According to CoinDance, the weekly LocalBitcoins chart revealed that the Russian Ruble [RUB] recorded towering volumes, even after the June 1 cash-exodus announcement. With many expecting a drop in volume, other top countries have also seen the absence of an immediate plummet, with Moscow being the stand-out.
The first week of June saw a notable high of RUB 1,174 million in volume owing to the native currency, while the aftershock of the announcement dropped the same down by to RUB 1,104 million by the second week. The next two weeks saw the volume surge back to its May 2019 heights, with the week beginning on June 22 recording a volume of RUB 1,188 million in volume.
On the basis of the above data, Russia is indeed a positive LocalBitcoins market.
The Finnish exchange has also been popular in South America, with its weekly volumes doing exceedingly well in the markets of Colombia, Venezuela, Peru, Chile, and Argentina, with Brazil, the only Latin American country left-out.

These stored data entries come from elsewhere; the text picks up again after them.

lemma block_partition_insert:
  assumes r: "4 \<le> r" and fc: "fresh_cliques r len V u" and i: "i < len"
    and P: "block_partition r V P S" and S: "S \<subseteq> {..<i}"
  shows "\<exists>P'. block_partition r V P' (insert i S)"
proof -
  have UP: "\<Union>P = S" and ex: "\<And>B. B \<in> P \<Longrightarrow> 1 \<le> excess r V B"
    and pw: "pairwise (\<lambda>B B'. disjnt B B' \<and> disjnt (clique_edges V B) (clique_edges V B')) P"
    using P unfolding block_partition_def by auto
  have fS: "finite S" using S finite_subset by blast
  have fP: "finite P" using UP fS by (simp add: finite_UnionD)
  define Ms where "Ms = {M. M \<subseteq> P \<and> 1 \<le> excess r V (insert i (\<Union>M))}"
  have "{} \<in> Ms"
    using excess_singleton fresh_cliquesD[OF fc i] r unfolding Ms_def by simp
  moreover have "finite Ms" unfolding Ms_def using fP by simp
  ultimately obtain M where MMs: "M \<in> Ms" and max: "\<forall>M'\<in>Ms. M \<subseteq> M' \<longrightarrow> M = M'"
    using finite_has_maximal2[of Ms "{}"] by auto
  have MP: "M \<subseteq> P" and exM: "1 \<le> excess r V (insert i (\<Union>M))"
    using MMs unfolding Ms_def by auto
  have MS: "\<Union>M \<subseteq> {..<i}" using MP UP S by blast
  have "disjnt (clique_edges V (insert i (\<Union>M))) (clique_edges V B)" if B: "B \<in> P - M" for B
  proof (rule disjnt_clique_edges)
    have BS: "B \<subseteq> {..<i}" using B UP S by blast
    then have "finite (clique_verts V B)"
      using i fresh_cliquesD(1)[OF fc] finite_subset by (intro finite_clique_verts) auto
    then show "finite (clique_verts V (insert i (\<Union>M)) \<inter> clique_verts V B)" by blast
    show "card (clique_verts V (insert i (\<Union>M)) \<inter> clique_verts V B) \<le> 1"
    proof (rule ccontr)
      assume q: "\<not> ?thesis"
      have dC: "disjnt C B \<and> disjnt (clique_edges V C) (clique_edges V B)" if "C \<in> M" for C
        using pairwiseD(1)[OF pw] that B MP by blast
      then have "\<Union>M \<inter> B = {}" and "disjnt (clique_edges V (\<Union>M)) (clique_edges V B)"
        by (auto simp: disjnt_def clique_edges_Union)
      with q have "1 \<le> excess r V (insert i (\<Union>M) \<union> B)"
        using excess_insert_Un_ge_one[OF r fc i MS BS _ _ exM ex] B by simp
      moreover have "insert i (\<Union>M) \<union> B = insert i (\<Union>(insert B M))" by auto
      ultimately have "insert B M \<in> Ms" using B MP unfolding Ms_def by simp
      then show False using max B by blast
    qed
  qed
  then show ?thesis
    using block_partition_replace[OF P MP _ exM] S by blast
qed

lemma block_partition_exists:
  assumes r: "4 \<le> r" and fc: "fresh_cliques r len V u" and J: "J \<subseteq> {..<len}"
  shows "\<exists>P. block_partition r V P J"
proof -
  have "\<exists>P. block_partition r V P (J \<inter> {..<i})" if "i \<le> len" for i
    using that
  proof (induction i)
    case 0
    have "block_partition r V {} {}" unfolding block_partition_def by simp
    then show ?case by auto
  next
    case (Suc i)
    then obtain P where P: "block_partition r V P (J \<inter> {..<i})" by auto
    show ?case
    proof (cases "i \<in> J")
      case True
      then have "J \<inter> {..<Suc i} = insert i (J \<inter> {..<i})" by auto
      with block_partition_insert[OF r fc _ P] Suc.prems show ?thesis by auto
    next
      case False
      then have "J \<inter> {..<Suc i} = J \<inter> {..<i}" by (auto simp: less_Suc_eq)
      with P show ?thesis by auto
    qed
  qed
  with J show ?thesis by (metis inf.absorb1 order_refl)
qed

definition chained :: "(nat \<Rightarrow> nat set) \<Rightarrow> (nat \<Rightarrow> nat set) \<Rightarrow> nat set \<Rightarrow> nat \<Rightarrow> bool" where
  "chained V u J l \<longleftrightarrow> l \<in> J \<and> (\<forall>a\<in>J. a \<le> l) \<and>
     (\<forall>a\<in>J - {l}. \<exists>b\<in>J. a < b \<and> u a \<in> cliqueE (V b))"

lemma excess_ge_one_if_chained:
  assumes r: "4 \<le> r" and fc: "fresh_cliques r len V u" and J: "J \<subseteq> {..<len}"
    and ch: "chained V u J l"
  shows "1 \<le> excess r V J"
proof -
  obtain P where UP: "\<Union>P = J" and ex: "\<And>B. B \<in> P \<Longrightarrow> 1 \<le> excess r V B"
    and pw: "pairwise (\<lambda>B B'. disjnt B B' \<and> disjnt (clique_edges V B) (clique_edges V B')) P"
    using block_partition_exists[OF r fc J] unfolding block_partition_def by auto
  obtain B0 where B0: "B0 \<in> P" "l \<in> B0" using UP ch unfolding chained_def by auto
  have "J \<subseteq> B0"
  proof (rule ccontr)
    assume "\<not> J \<subseteq> B0"
    have fin: "finite (J - B0)" using J finite_subset by blast
    have ne: "J - B0 \<noteq> {}" using \<open>\<not> J \<subseteq> B0\<close> by blast
    define a where "a = Max (J - B0)"
    have a: "a \<in> J - B0" using Max_in[OF fin ne] unfolding a_def .
    have above: "\<And>a'. a' \<in> J - B0 \<Longrightarrow> a' \<le> a" using Max_ge[OF fin] unfolding a_def .
    have "a \<in> J - {l}" using a B0 by auto
    then obtain b where b: "b \<in> J" "a < b" "u a \<in> cliqueE (V b)"
      using ch unfolding chained_def by blast
    then have "b \<in> B0" using above by force
    obtain Ba where Ba: "Ba \<in> P" "a \<in> Ba" using a UP by auto
    have "u a \<in> clique_edges V Ba" "u a \<in> clique_edges V B0"
      using Ba b \<open>b \<in> B0\<close> fresh_cliquesD(3)[OF fc] a J unfolding clique_edges_def by auto
    moreover have "Ba \<noteq> B0" using a Ba by auto
    ultimately show False
      using pairwiseD(1)[OF pw Ba(1) B0(1)] by (auto simp: disjnt_def)
  qed
  then show ?thesis using UP B0 ex by (metis Union_upper subset_antisym)
qed

text \<open>The positions in the realization of the cliques used to build witmap G seq e. As for
  witmapR the list is traversed in reverse, so the entry in front of ys sits at position
  length ys.\<close>
fun clique_indicesR :: "(nat set \<times> nat set) list \<Rightarrow> nat set \<Rightarrow> nat set" where
  "clique_indicesR [] = (\<lambda>e. {})"
| "clique_indicesR ((e, K) # ys) =
     (clique_indicesR ys)(e := insert (length ys) (\<Union>f \<in> cliqueE K - {e}. clique_indicesR ys f))"

definition clique_indices :: "(nat set \<times> nat set) list \<Rightarrow> nat set \<Rightarrow> nat set" where
  "clique_indices seq = clique_indicesR (rev seq)"

lemma witmap_take_Suc:
  "i < length seq \<Longrightarrow> witmap G (take (Suc i) seq) = (witmap G (take i seq))(fst (seq ! i) :=
     (\<Union>f\<in>cliqueE (snd (seq ! i)) - {fst (seq ! i)}. witmap G (take i seq) f))"
  by (cases "seq ! i") (simp add: witmap_def take_Suc_conv_app_nth)

lemma clique_indices_take_Suc:
  "i < length seq \<Longrightarrow> clique_indices (take (Suc i) seq) = (clique_indices (take i seq))(fst (seq ! i) :=
     insert i (\<Union>f\<in>cliqueE (snd (seq ! i)) - {fst (seq ! i)}. clique_indices (take i seq) f))"
  by (cases "seq ! i") (simp add: clique_indices_def take_Suc_conv_app_nth min_def)

definition witness_shape :: "nat set set \<Rightarrow> (nat \<Rightarrow> nat set) \<Rightarrow> (nat \<Rightarrow> nat set) \<Rightarrow>
    nat set set \<Rightarrow> nat set \<Rightarrow> nat set \<Rightarrow> nat \<Rightarrow> bool" where
  "witness_shape G V u W J f i \<longleftrightarrow>
     W = (clique_edges V J \<union> {f}) \<inter> G \<and> clique_edges V J \<subseteq> G \<union> u ` J \<and>
     \<Union>W = f \<union> clique_verts V J \<and> J \<subseteq> {..<i} \<and>
     (if f \<in> G then J = {} else \<exists>l. f = u l \<and> chained V u J l)"

lemma witness_shapeD:
  assumes "witness_shape G V u W J f i"
  shows "W = (clique_edges V J \<union> {f}) \<inter> G" "clique_edges V J \<subseteq> G \<union> u ` J"
    "\<Union>W = f \<union> clique_verts V J" "J \<subseteq> {..<i}" "f \<in> G \<Longrightarrow> J = {}"
    "f \<notin> G \<Longrightarrow> \<exists>l. f = u l \<and> chained V u J l"
  using assms unfolding witness_shape_def by (blast, blast, blast, blast, auto)

lemma witness_shape_mono:
  assumes "witness_shape G V u W J f i" and "i \<le> i'"
  shows "witness_shape G V u W J f i'"
proof -
  have "{..<i} \<subseteq> {..<i'}" using assms(2) by auto
  with assms(1) show ?thesis unfolding witness_shape_def by (meson subset_trans)
qed

lemma chained_insert:
  assumes C: "C \<subseteq> cliqueE (V i)" and J: "\<And>g. g \<in> C \<Longrightarrow> J g \<subseteq> {..<i}"
    and ch: "\<And>g. g \<in> C \<Longrightarrow> J g = {} \<or> (\<exists>l. g = u l \<and> chained V u (J g) l)"
  shows "chained V u (insert i (\<Union>g\<in>C. J g)) i"
proof -
  have "\<exists>b\<in>insert i (\<Union>g\<in>C. J g). a < b \<and> u a \<in> cliqueE (V b)" if a: "a \<in> J g" and g: "g \<in> C" for a g
  proof -
    from a g ch obtain l where gl: "g = u l" and chl: "chained V u (J g) l" by blast
    show ?thesis
    proof (cases "a = l")
      case True
      then show ?thesis using a g gl C J by blast
    next
      case False
      then obtain b where "b \<in> J g" "a < b" "u a \<in> cliqueE (V b)"
        using chl a unfolding chained_def by blast
      then show ?thesis using g by blast
    qed
  qed
  moreover have "a \<le> i" if "a \<in> J g" "g \<in> C" for a g
    using J that by fastforce
  ultimately show ?thesis unfolding chained_def by blast
qed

Buenos Aries saw its weekly volume from the initial weeks of June to mid-June drop from $13.71 million to $10.53 million, following the cash-removal announcement. In terms of the Colombian Peso, CoinDance stated that the number for the same was $9.98 billion towards the close of May 2018, and dropped to $7.16 billion by the first week of June. However, the same has since stabilized to stand at $9.2 billion.

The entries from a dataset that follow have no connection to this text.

lemma cond1_iff: "cond1 R \<longleftrightarrow> table_cond1 T"
proof -
  have "eqG R (gen u @ gen a) (gen u @ gen d @ gen k) \<longleftrightarrow> (s2, k, s1) \<in> T"
    if "(u, a, s1) \<in> T" "(u, d, s2) \<in> T" for u a d k s1 s2
    by (simp add: eqG_pair_left_iff[OF that(1)] eqG_pair_front_iff[OF that(2)] eqG_gen_pair_iff)
  then show ?thesis
    unfolding cond1_def table_cond1_def eqG_gen_iff eqG_gen_pair_iff
    by (simp add: eqG_pair_pair_conj_iff) blast
qed

lemma cond2_iff: "cond2 R \<longleftrightarrow> table_cond2 T"
proof -
  have "eqG R (gen a @ gen v) (gen k @ gen b @ gen v) \<longleftrightarrow> (k, s1, s2) \<in> T"
    if "(b, v, s1) \<in> T" "(a, v, s2) \<in> T" for a b v k s1 s2
    using eqG_pair_left_iff[OF that(2)] eqG_pair_back_iff[OF that(1), of _ "gen k"]
    by (simp add: eqG_gen_pair_iff)
  then show ?thesis
    unfolding cond2_def table_cond2_def eqG_gen_iff eqG_gen_pair_iff
    by (simp add: eqG_pair_pair_conj_iff) blast
qed

lemma cond3_iff: "cond3 R \<longleftrightarrow> table_cond3 T"
proof -
  have "eqG R (gen k) (gen u @ gen v @ gen b) \<longleftrightarrow> (t, b, k) \<in> T"
    if "(u, v, t) \<in> T" for u v b k t
    by (simp add: eqG_pair_front_iff[OF that] eqG_gen_pair_iff)
  then show ?thesis
    unfolding cond3_def table_cond3_def eqG_gen_iff eqG_gen_pair_iff eqG_pair_pair_conj_iff
    by (simp add: inS_pair_iff) blast
qed

lemma cond4_iff: "cond4 R \<longleftrightarrow> table_cond4 T"
proof -
  have "eqG R (gen k) (gen a @ gen v @ gen w) \<longleftrightarrow> (s, w, k) \<in> T"
    if "(a, v, s) \<in> T" for a v w k s
    by (simp add: eqG_pair_front_iff[OF that] eqG_gen_pair_iff)
  then show ?thesis
    unfolding cond4_def table_cond4_def eqG_gen_iff eqG_gen_pair_iff eqG_pair_pair_conj_iff
    by (simp add: inS_pair_iff) blast
qed

lemma cond5_iff: "cond5 R \<longleftrightarrow> table_cond5 T"
  unfolding cond5_def table_cond5_def eqG_gen_iff eqG_gen_pair_iff inS_pair_iff by blast

end

lemma letter_forall: "(\<forall>x::letter. P x) \<longleftrightarrow> P A \<and> P B \<and> P C \<and> P D \<and> P U \<and> P V \<and> P W \<and> P X"
  by (metis letter.exhaust)

lemmas reduced_image_eval = reduced_image_def gen_def ginv_def word_inv_def inv_sym_def

fun phi1 :: "letter \<Rightarrow> letter word" where
  "phi1 A = ginv U @ gen W @ gen B"
| "phi1 B = gen B"
| "phi1 C = gen C"
| "phi1 D = ginv U @ gen W @ gen C"
| "phi1 U = gen U"
| "phi1 V = gen W @ gen B"
| "phi1 W = gen W"
| "phi1 X = gen W @ gen C"

definition T1 :: "(letter \<times> letter \<times> letter) set" where
  "T1 = {(U, A, V), (W, B, V), (U, D, X), (W, C, X)}"

interpretation G1: free_model R1 T1 phi1
  by (unfold_locales; (atomize (full))?;
      auto simp: R1_def T1_def rel3_def inj_def letter_forall reduced_image_eval)

lemma not_table_cond1_T1: "\<not> table_cond1 T1"
proof
  assume cond: "table_cond1 T1"
  \<comment> \<open>The instantiation follows the order of first occurrence: u a s1 w b d s2 c.\<close>
  have "\<exists>k. (U, k, W) \<in> T1 \<or> (X, k, V) \<in> T1"
    by (rule cond[unfolded table_cond1_def, rule_format, of U A V W B D X C]) (simp add: T1_def)
  then show False
    by (auto simp: T1_def)
qed

lemma presentation1:
  "restricted_triangular R1 \<and> \<not> cond1 R1 \<and> cond2 R1 \<and> cond3 R1 \<and> cond4 R1 \<and> cond5 R1"
proof -
  have "table_cond2 T1" "table_cond3 T1" "table_cond4 T1" "table_cond5 T1"
    by (auto simp: table_cond2_def table_cond3_def table_cond4_def table_cond5_def T1_def)
  with not_table_cond1_T1 show ?thesis
    by (simp add: G1.restricted_triangular G1.cond1_iff G1.cond2_iff
        G1.cond3_iff G1.cond4_iff G1.cond5_iff)
qed

fun phi2 :: "letter \<Rightarrow> letter word" where
  "phi2 A = gen A"
| "phi2 B = gen B"
| "phi2 C = gen B @ gen V @ ginv X"
| "phi2 D = gen A @ gen V @ ginv X"
| "phi2 U = gen A @ gen V"
| "phi2 V = gen V"
| "phi2 W = gen B @ gen V"
| "phi2 X = gen X"

definition T2 :: "(letter \<times> letter \<times> letter) set" where
  "T2 = {(B, V, W), (C, X, W), (A, V, U), (D, X, U)}"

interpretation G2: free_model R2 T2 phi2
  by (unfold_locales; (atomize (full))?;
      auto simp: R2_def T2_def rel3_def inj_def letter_forall reduced_image_eval)

lemma not_table_cond2_T2: "\<not> table_cond2 T2"
proof
  assume cond: "table_cond2 T2"
  have "\<exists>k. (k, X, V) \<in> T2 \<or> (k, W, U) \<in> T2"
    by (rule cond[unfolded table_cond2_def, rule_format, of B V W C X A U D]) (simp add: T2_def)
  then show False
    by (auto simp: T2_def)
qed

lemma presentation2:
  "restricted_triangular R2 \<and> cond1 R2 \<and> \<not> cond2 R2 \<and> cond3 R2 \<and> cond4 R2 \<and> cond5 R2"
proof -
  have "table_cond1 T2" "table_cond3 T2" "table_cond4 T2" "table_cond5 T2"
    by (auto simp: table_cond1_def table_cond3_def table_cond4_def table_cond5_def T2_def)
  with not_table_cond2_T2 show ?thesis
    by (simp add: G2.restricted_triangular G2.cond1_iff G2.cond2_iff
        G2.cond3_iff G2.cond4_iff G2.cond5_iff)
qed

fun phi3 :: "letter \<Rightarrow> letter word" where
  "phi3 A = gen U @ gen V"
| "phi3 B = gen B"
| "phi3 C = ginv X @ gen V @ gen B"
| "phi3 D = gen U @ gen X"
| "phi3 U = gen U"
| "phi3 V = gen V"
| "phi3 W = gen V @ gen B"
| "phi3 X = gen X"

definition T3 :: "(letter \<times> letter \<times> letter) set" where
  "T3 = {(V, B, W), (X, C, W), (U, X, D), (U, V, A)}"

interpretation G3: free_model R3 T3 phi3
  by (unfold_locales; (atomize (full))?;
      auto simp: R3_def T3_def rel3_def inj_def letter_forall reduced_image_eval)

lemma not_table_cond3_T3: "\<not> table_cond3 T3"
proof
  assume cond: "table_cond3 T3"
  have "\<exists>k. (A, B, k) \<in> T3 \<or> (X, k, V) \<in> T3"
    by (rule cond[unfolded table_cond3_def, rule_format, of U X D V A B W C]) (simp add: T3_def)
  then show False
    by (auto simp: T3_def)
qed

lemma presentation3:
  "restricted_triangular R3 \<and> cond1 R3 \<and> cond2 R3 \<and> \<not> cond3 R3 \<and> cond4 R3 \<and> cond5 R3"
proof -
  have "table_cond1 T3" "table_cond2 T3" "table_cond4 T3" "table_cond5 T3"
    by (auto simp: table_cond1_def table_cond2_def table_cond4_def table_cond5_def T3_def)
  with not_table_cond3_T3 show ?thesis
    by (simp add: G3.restricted_triangular G3.cond1_iff G3.cond2_iff
        G3.cond3_iff G3.cond4_iff G3.cond5_iff)
qed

LocalBitcoins began mulling the possibility of phasing out fiat currency trades following its inclusion under the supervision of Finland’s financial watchdog, the Financial Supervisory Authority [FSA] in March 2019. This inclusion was made days after Finnish legislators stated that cryptocurrency-based assets would be given legal status under the law. However, the act will officially come into force later in November 2019.
Additionally, several changes were made to the country’s Anti Money Laundering [AML] laws and Countering Financial Terrorism Act [CTF], which would require the exchange to follow the stated guidelines.